● TO DO:
From the data that follows, print exactly the lines starting at the one containing "unfolding split by" and ending at the one containing "case (RA a b)"; include both of them and nothing more.

'''

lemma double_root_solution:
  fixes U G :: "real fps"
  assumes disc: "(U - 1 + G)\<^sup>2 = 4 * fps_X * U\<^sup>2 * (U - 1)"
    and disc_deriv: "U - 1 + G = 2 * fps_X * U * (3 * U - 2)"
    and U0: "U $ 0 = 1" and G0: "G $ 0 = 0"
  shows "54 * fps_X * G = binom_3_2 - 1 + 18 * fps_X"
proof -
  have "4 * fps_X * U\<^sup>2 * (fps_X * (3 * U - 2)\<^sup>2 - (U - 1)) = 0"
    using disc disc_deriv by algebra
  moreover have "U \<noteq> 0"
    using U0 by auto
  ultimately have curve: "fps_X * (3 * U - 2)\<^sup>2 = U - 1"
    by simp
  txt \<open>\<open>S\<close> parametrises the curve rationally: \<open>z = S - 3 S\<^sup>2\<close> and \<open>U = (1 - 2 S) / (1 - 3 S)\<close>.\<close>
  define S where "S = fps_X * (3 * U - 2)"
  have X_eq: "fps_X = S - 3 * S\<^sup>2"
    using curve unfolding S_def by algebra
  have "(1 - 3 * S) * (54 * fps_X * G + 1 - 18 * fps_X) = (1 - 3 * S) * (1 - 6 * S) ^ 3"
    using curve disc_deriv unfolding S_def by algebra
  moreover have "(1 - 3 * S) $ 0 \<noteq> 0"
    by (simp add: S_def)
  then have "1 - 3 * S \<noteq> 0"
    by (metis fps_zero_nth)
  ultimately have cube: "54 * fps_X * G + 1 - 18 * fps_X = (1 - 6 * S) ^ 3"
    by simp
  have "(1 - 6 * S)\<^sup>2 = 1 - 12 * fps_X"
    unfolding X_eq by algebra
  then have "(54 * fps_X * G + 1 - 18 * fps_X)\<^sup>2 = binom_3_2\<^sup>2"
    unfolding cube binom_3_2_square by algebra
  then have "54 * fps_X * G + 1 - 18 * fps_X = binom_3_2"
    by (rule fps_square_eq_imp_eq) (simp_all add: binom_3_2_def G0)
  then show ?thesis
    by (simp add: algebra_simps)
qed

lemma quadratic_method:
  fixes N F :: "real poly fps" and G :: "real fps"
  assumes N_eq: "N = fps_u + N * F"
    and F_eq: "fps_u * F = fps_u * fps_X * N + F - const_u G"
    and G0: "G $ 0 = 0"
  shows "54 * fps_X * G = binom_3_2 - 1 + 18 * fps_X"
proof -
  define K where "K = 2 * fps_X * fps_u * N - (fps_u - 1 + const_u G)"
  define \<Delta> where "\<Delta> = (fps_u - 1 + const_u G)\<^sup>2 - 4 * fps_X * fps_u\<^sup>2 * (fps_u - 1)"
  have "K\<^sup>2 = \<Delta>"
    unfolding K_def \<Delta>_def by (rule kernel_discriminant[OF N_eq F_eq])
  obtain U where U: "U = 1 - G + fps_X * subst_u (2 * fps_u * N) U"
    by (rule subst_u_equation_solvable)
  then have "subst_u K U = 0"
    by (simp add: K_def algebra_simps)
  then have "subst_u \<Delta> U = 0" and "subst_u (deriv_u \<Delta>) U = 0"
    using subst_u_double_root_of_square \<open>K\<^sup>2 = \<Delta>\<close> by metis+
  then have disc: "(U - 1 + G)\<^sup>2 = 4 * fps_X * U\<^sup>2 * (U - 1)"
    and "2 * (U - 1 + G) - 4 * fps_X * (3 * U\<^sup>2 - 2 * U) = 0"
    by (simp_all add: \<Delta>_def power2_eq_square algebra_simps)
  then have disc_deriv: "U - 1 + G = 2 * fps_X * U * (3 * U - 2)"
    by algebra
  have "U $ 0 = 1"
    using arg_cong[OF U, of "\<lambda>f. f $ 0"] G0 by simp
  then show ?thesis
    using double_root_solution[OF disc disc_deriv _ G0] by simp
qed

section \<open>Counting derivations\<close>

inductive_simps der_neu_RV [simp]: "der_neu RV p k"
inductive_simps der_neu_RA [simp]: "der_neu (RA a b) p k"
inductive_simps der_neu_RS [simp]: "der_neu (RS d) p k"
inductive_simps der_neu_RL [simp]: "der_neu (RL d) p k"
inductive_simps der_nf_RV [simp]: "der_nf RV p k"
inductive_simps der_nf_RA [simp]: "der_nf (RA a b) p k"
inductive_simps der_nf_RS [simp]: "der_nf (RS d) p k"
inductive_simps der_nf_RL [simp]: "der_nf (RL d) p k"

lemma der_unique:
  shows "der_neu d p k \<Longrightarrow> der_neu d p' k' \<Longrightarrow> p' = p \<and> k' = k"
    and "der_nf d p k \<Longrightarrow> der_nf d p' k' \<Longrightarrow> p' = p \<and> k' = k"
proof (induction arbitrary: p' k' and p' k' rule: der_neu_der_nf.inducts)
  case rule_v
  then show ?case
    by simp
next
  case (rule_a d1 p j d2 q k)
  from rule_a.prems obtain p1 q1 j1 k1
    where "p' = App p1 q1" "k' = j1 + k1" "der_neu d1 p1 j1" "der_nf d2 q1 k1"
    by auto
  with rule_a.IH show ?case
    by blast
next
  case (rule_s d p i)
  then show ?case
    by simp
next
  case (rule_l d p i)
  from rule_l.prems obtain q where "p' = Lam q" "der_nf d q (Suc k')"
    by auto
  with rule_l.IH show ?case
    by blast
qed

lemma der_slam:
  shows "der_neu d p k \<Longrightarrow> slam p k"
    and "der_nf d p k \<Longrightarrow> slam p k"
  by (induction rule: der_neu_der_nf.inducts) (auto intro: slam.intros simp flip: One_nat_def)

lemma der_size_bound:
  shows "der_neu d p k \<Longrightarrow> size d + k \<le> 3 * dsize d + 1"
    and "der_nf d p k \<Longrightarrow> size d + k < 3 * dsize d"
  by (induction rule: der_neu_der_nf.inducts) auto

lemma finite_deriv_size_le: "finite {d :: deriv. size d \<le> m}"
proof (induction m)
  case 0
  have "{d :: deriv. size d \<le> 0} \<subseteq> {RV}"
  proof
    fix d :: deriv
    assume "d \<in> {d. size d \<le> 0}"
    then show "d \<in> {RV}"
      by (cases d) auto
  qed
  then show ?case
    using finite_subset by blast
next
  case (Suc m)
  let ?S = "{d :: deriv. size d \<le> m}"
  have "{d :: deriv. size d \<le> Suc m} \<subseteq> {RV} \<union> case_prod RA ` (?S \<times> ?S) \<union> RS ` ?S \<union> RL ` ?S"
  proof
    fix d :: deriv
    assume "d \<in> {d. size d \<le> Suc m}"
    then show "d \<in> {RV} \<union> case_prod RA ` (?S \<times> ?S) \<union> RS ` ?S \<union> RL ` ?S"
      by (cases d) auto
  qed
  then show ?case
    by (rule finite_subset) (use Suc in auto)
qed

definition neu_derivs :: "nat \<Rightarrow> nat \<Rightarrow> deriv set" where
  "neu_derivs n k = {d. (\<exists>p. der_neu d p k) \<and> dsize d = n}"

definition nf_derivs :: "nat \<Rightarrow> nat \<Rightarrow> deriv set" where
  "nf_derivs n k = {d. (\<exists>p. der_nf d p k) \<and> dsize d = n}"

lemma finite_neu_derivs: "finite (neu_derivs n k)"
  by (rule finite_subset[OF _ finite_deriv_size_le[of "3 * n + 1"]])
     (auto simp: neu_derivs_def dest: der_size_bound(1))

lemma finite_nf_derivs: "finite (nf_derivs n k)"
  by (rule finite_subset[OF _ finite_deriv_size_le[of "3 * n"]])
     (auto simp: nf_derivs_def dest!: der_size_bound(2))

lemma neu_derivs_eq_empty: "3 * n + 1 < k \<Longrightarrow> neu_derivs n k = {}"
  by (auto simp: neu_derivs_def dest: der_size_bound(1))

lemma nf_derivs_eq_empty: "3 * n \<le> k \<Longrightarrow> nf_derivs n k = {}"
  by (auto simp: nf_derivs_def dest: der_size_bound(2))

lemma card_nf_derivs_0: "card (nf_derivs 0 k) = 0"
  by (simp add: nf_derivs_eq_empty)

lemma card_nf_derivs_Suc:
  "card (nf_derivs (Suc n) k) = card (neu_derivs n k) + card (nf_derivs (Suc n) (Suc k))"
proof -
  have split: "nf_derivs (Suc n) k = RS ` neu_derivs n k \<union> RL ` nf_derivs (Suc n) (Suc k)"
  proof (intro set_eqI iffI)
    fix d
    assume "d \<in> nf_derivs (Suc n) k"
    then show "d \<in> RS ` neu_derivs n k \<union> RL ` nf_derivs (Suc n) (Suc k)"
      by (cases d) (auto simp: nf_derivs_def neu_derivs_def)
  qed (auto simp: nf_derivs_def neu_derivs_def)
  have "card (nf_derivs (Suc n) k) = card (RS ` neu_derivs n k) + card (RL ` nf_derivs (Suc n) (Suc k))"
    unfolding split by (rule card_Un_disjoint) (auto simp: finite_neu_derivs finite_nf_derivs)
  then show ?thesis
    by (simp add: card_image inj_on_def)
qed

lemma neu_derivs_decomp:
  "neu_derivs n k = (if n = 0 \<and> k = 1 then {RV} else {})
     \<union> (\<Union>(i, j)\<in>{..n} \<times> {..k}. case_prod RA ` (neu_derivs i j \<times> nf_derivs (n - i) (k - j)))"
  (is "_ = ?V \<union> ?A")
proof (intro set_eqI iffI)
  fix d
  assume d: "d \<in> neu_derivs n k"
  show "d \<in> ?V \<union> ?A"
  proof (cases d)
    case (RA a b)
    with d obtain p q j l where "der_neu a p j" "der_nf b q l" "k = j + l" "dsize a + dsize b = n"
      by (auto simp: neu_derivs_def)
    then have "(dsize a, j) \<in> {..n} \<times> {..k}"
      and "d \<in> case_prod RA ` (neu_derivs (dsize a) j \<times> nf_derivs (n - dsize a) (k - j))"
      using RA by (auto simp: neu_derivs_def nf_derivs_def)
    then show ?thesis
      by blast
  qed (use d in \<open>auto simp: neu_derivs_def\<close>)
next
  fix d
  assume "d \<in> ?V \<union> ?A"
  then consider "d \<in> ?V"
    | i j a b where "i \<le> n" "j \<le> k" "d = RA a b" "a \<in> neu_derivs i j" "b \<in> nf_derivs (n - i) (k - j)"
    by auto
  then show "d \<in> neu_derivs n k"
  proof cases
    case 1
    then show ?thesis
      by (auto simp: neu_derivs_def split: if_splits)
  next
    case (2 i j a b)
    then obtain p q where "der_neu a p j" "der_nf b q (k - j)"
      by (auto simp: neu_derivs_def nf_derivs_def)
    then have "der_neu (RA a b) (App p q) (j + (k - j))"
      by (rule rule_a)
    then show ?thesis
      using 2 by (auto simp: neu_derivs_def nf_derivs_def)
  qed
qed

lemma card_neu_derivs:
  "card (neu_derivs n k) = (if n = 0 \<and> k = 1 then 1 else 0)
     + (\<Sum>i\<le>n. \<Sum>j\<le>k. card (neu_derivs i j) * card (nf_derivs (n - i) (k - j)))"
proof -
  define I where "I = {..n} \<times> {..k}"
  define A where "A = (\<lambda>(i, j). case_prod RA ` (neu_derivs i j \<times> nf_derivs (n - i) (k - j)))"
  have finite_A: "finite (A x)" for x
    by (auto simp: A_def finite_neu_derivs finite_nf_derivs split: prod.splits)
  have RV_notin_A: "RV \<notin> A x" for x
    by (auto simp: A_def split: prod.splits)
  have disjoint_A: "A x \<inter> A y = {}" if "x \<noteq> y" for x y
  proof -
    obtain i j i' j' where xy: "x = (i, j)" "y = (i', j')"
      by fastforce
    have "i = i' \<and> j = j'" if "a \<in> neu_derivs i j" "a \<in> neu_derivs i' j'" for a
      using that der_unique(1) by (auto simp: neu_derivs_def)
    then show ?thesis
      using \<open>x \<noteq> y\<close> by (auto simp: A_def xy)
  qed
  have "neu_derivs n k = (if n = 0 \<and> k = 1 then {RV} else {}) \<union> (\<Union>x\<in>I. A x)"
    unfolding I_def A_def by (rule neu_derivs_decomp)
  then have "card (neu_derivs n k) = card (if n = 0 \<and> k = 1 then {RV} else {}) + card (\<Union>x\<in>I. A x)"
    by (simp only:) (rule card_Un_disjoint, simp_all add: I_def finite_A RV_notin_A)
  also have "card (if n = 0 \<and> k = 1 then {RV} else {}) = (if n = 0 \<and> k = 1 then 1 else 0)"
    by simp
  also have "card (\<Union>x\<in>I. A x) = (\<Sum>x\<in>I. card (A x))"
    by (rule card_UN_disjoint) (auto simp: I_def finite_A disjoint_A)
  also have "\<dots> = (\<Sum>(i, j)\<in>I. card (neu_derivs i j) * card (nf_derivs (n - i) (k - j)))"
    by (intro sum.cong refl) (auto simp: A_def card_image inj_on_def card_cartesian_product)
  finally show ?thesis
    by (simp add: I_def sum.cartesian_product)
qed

'''

● RESPONSE AREA:
    unfolding split by (rule card_Un_disjoint) (auto simp: finite_neu_derivs finite_nf_derivs)
  then show ?thesis
    by (simp add: card_image inj_on_def)
qed

lemma neu_derivs_decomp:
  "neu_derivs n k = (if n = 0 \<and> k = 1 then {RV} else {})
     \<union> (\<Union>(i, j)\<in>{..n} \<times> {..k}. case_prod RA ` (neu_derivs i j \<times> nf_derivs (n - i) (k - j)))"
  (is "_ = ?V \<union> ?A")
proof (intro set_eqI iffI)
  fix d
  assume d: "d \<in> neu_derivs n k"
  show "d \<in> ?V \<union> ?A"
  proof (cases d)
    case (RA a b)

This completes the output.